Il giudice per le indagini preliminari del tribunale di Milano si è pronunciato sull’istanza presentata dai Pm della procura, rinviando a giudizio Silvio Berlusconi con l’accusa di concussione e prostituzione minorile.
Con questo pronunciamento il Gip ha risposto a tre quesiti. Il primo. Ha ritenuto che ci fossero gli estremi perché le accuse formulate dalla procura di Milano fossero valutate all’interno di un processo. Il secondo. Queste le prove prodotte dai Pm sono così evidenti da giustificare il ricorso al giudizio immediato. Terzo. Ha riconosciuto la competenza del tribunale di Milano sull’inchiesta disconoscendo invece la tesi che sosteneva invece la competenza del tribunale dei ministri.
Chiaramente Silvio Berlusconi deve essere considerato innocente finchè non ci sarà sentenza contraria passata in giudicato.
La condizione politica che lo riguarda invece è cosa diversa e certamente da oggi è mutata sensibilmente in peggio. Questo non è il primo caso di processo che vede come imputato Silvio Berlusconi. Ma è la prima volta che il presunto reato e il rinvio a giudizio si verificano mentre lui ricopre la carica di Presidente del consiglio.
Responsabilità e opportunità vorrebbero che chi ricopre una carica pubblica la abbandoni nel momento in cui si viene rinviati a giudizio. Questo perché da un lato c’è il rischio concreto che chi deve difendersi in un processo non sia in grado per tutta una serie di fattori svolgere le mansioni pubbliche a lui affidate.
Un primo lampante esempio lo abbiamo già oggi. Il presidente del Consiglio era insieme al Ministro degli interni in Sicilia dove avrebbe dovuto tenere una conferenza stampa sull’emergenza sbarchi. La conferenza stampa è stata annullata, molto probabilmente perché ritenuta non opportuna alla luce della decisione appena presa dal Gip.
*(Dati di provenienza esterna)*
lemma stack_after_Suc:
  "Suc j < length x \<Longrightarrow> stack_after T x st (Suc j) =
     x ! Suc j # drop (pops T (x ! Suc j) (stack_after T x st j)) (stack_after T x st j)"
proof (induction x arbitrary: st j)
  case (Cons a inp)
  show ?case
  proof (cases j)
    case 0
    then show ?thesis using Cons.prems by (cases inp) auto
  next
    case (Suc j')
    then show ?thesis using Cons by auto
  qed
qed simp

lemma stack_after_top: "j < length x \<Longrightarrow> stack_after T x st j = x ! j # tl (stack_after T x st j)"
proof (induction x arbitrary: st j)
  case (Cons a inp)
  then show ?case by (cases j) auto
qed simp

lemma set_stack_after:
  "j < length x \<Longrightarrow> set (stack_after T x st j) \<subseteq> set st \<union> set (take (Suc j) x)"
proof (induction x arbitrary: st j)
  case (Cons a inp)
  then show ?case by (cases j) (fastforce dest: in_set_dropD)+
qed simp

lemma distinct_stack_after:
  "distinct (x @ st) \<Longrightarrow> j < length x \<Longrightarrow> distinct (stack_after T x st j)"
proof (induction x arbitrary: st j)
  case (Cons a inp)
  then have "distinct (inp @ a # drop (pops T a st) st)"
    by (auto dest: in_set_dropD simp: distinct_drop)
  with Cons show ?case by (cases j) auto
qed simp

lemma subseq_stk_of_stack: "subseq [u, v] st \<Longrightarrow> subseq [u, v] (stk T inp st)"
proof (induction inp arbitrary: st)
  case (Cons a inp)
  define k where "k = pops T a st"
  have "subseq [u, v] (take k st @ drop k st)"
    using Cons.prems by simp
  then consider "subseq [u, v] (take k st)" | "u \<in> set (take k st)" "v \<in> set (drop k st)"
    | "subseq [u, v] (a # drop k st)"
    unfolding subseq_pair_append_iff by (metis list_emb_Cons)
  then show ?case
    unfolding stk_Cons_pops[of T a inp st, folded k_def]
    by cases (auto simp: subseq_pair_append_iff set_stk Cons.IH)
qed simp

lemma stk_order_kept_stack_entry:
  "distinct (x @ st) \<Longrightarrow> j < length x \<Longrightarrow> e \<in> set st \<Longrightarrow> e \<in> set (stack_after T x st j)
    \<Longrightarrow> subseq [x ! j, e] (stk T x st)"
proof (induction x arbitrary: st j)
  case (Cons a inp)
  define st' where "st' = a # drop (pops T a st) st"
  have out: "stk T (a # inp) st = take (pops T a st) st @ stk T inp st'"
    unfolding st'_def by (rule stk_Cons_pops)
  have dist: "distinct (inp @ st')"
    using Cons.prems(1) unfolding st'_def by (auto dest: in_set_dropD simp: distinct_drop)
  show ?case
  proof (cases j)
    case 0
    then have "subseq [a, e] st'"
      using Cons.prems by (auto simp: st'_def subseq_singleton_left)
    then show ?thesis
      using 0 out subseq_stk_of_stack by (simp add: subseq_pair_append_iff)
  next
    case (Suc j')
    then have "e \<in> set (stack_after T inp st' j')" "e \<notin> set inp"
      using Cons.prems by (auto simp: st'_def)
    moreover have "set (stack_after T inp st' j') \<subseteq> set st' \<union> set (take (Suc j') inp)"
      using Suc Cons.prems by (intro set_stack_after) auto
    ultimately have "subseq [inp ! j', e] (stk T inp st')"
      using Cons.IH[OF dist] Suc Cons.prems by (auto dest: in_set_takeD)
    then show ?thesis using Suc out by (simp add: subseq_pair_append_iff)
  qed
qed simp

lemma stk_order_popped_stack_entry:
  "distinct (x @ st) \<Longrightarrow> j < length x \<Longrightarrow> e \<in> set st \<Longrightarrow> e \<notin> set (stack_after T x st j)
    \<Longrightarrow> subseq [e, x ! j] (stk T x st)"
proof (induction x arbitrary: st j)
  case (Cons a inp)
  define st' where "st' = a # drop (pops T a st) st"
  have out: "stk T (a # inp) st = take (pops T a st) st @ stk T inp st'"
    unfolding st'_def by (rule stk_Cons_pops)
  have dist: "distinct (inp @ st')"
    using Cons.prems(1) unfolding st'_def by (auto dest: in_set_dropD simp: distinct_drop)
  have popped: "e \<in> set (take (pops T a st) st)" if "e \<notin> set st'"
    using Cons.prems(3) that unfolding st'_def
    by (metis Un_iff append_take_drop_id list.set_intros(2) set_append)
  show ?case
  proof (cases "e \<in> set st'")
    case True
    then obtain j' where "j = Suc j'" "subseq [e, inp ! j'] (stk T inp st')"
      using Cons.IH[OF dist] Cons.prems by (cases j) (auto simp: st'_def)
    then show ?thesis using out by (simp add: subseq_pair_append_iff)
  next
    case False
    have "(a # inp) ! j \<in> set inp \<union> set st'"
      using Cons.prems(2) nth_mem[of j "a # inp"] by (auto simp: st'_def)
    then show ?thesis
      using popped[OF False] unfolding out by (auto simp: subseq_pair_append_iff set_stk)
  qed
qed simp

lemma stk_order_input_entries:
  "distinct (x @ st) \<Longrightarrow> i < j \<Longrightarrow> j < length x \<Longrightarrow>
    (x ! i \<in> set (stack_after T x st j) \<longrightarrow> subseq [x ! j, x ! i] (stk T x st)) \<and>
    (x ! i \<notin> set (stack_after T x st j) \<longrightarrow> subseq [x ! i, x ! j] (stk T x st))"
proof (induction x arbitrary: st i j)
  case (Cons a inp)
  define st' where "st' = a # drop (pops T a st) st"
  have out: "stk T (a # inp) st = take (pops T a st) st @ stk T inp st'"
    unfolding st'_def by (rule stk_Cons_pops)
  have dist: "distinct (inp @ st')"
    using Cons.prems(1) unfolding st'_def by (auto dest: in_set_dropD simp: distinct_drop)
  obtain j' where j: "j = Suc j'" "stack_after T (a # inp) st j = stack_after T inp st' j'"
    using Cons.prems by (cases j) (auto simp: st'_def)
  show ?case
  proof (cases i)
    case 0
    then show ?thesis
      using stk_order_kept_stack_entry[OF dist, of j' a] stk_order_popped_stack_entry[OF dist, of j' a]
        j out Cons.prems by (auto simp: st'_def subseq_pair_append_iff)
  next
    case (Suc i')
    then show ?thesis
      using Cons.IH[OF dist, of i' j'] j out Cons.prems by (auto simp: subseq_pair_append_iff)
  qed
qed simp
Una conferenza stampa che tra l’altro avrebbe avuto il risvolto imbarazzante di vedere fianco a fianco un imputato ed il rappresentante di una delle parti lese (Il Ministero dell’interno) proprio da quell’imputato.
Dall’altro lato c’è il rischio che, rimanendo premier, Berlusconi coinvolgerà il governo nelle conseguenze mediatiche prodotte dal processo e che certamente danneggeranno ancora di più l’immagine dell’Italia nel mondo.
Berlusconi per una volta in quindici anni dovrebbe comportarsi da statista e dimettersi immediatamente. Spetterà poi al Capo dello Stato valutare, secondo le sue prerogative, la situazione politica e scegliere la strada ritenuta più opportuna.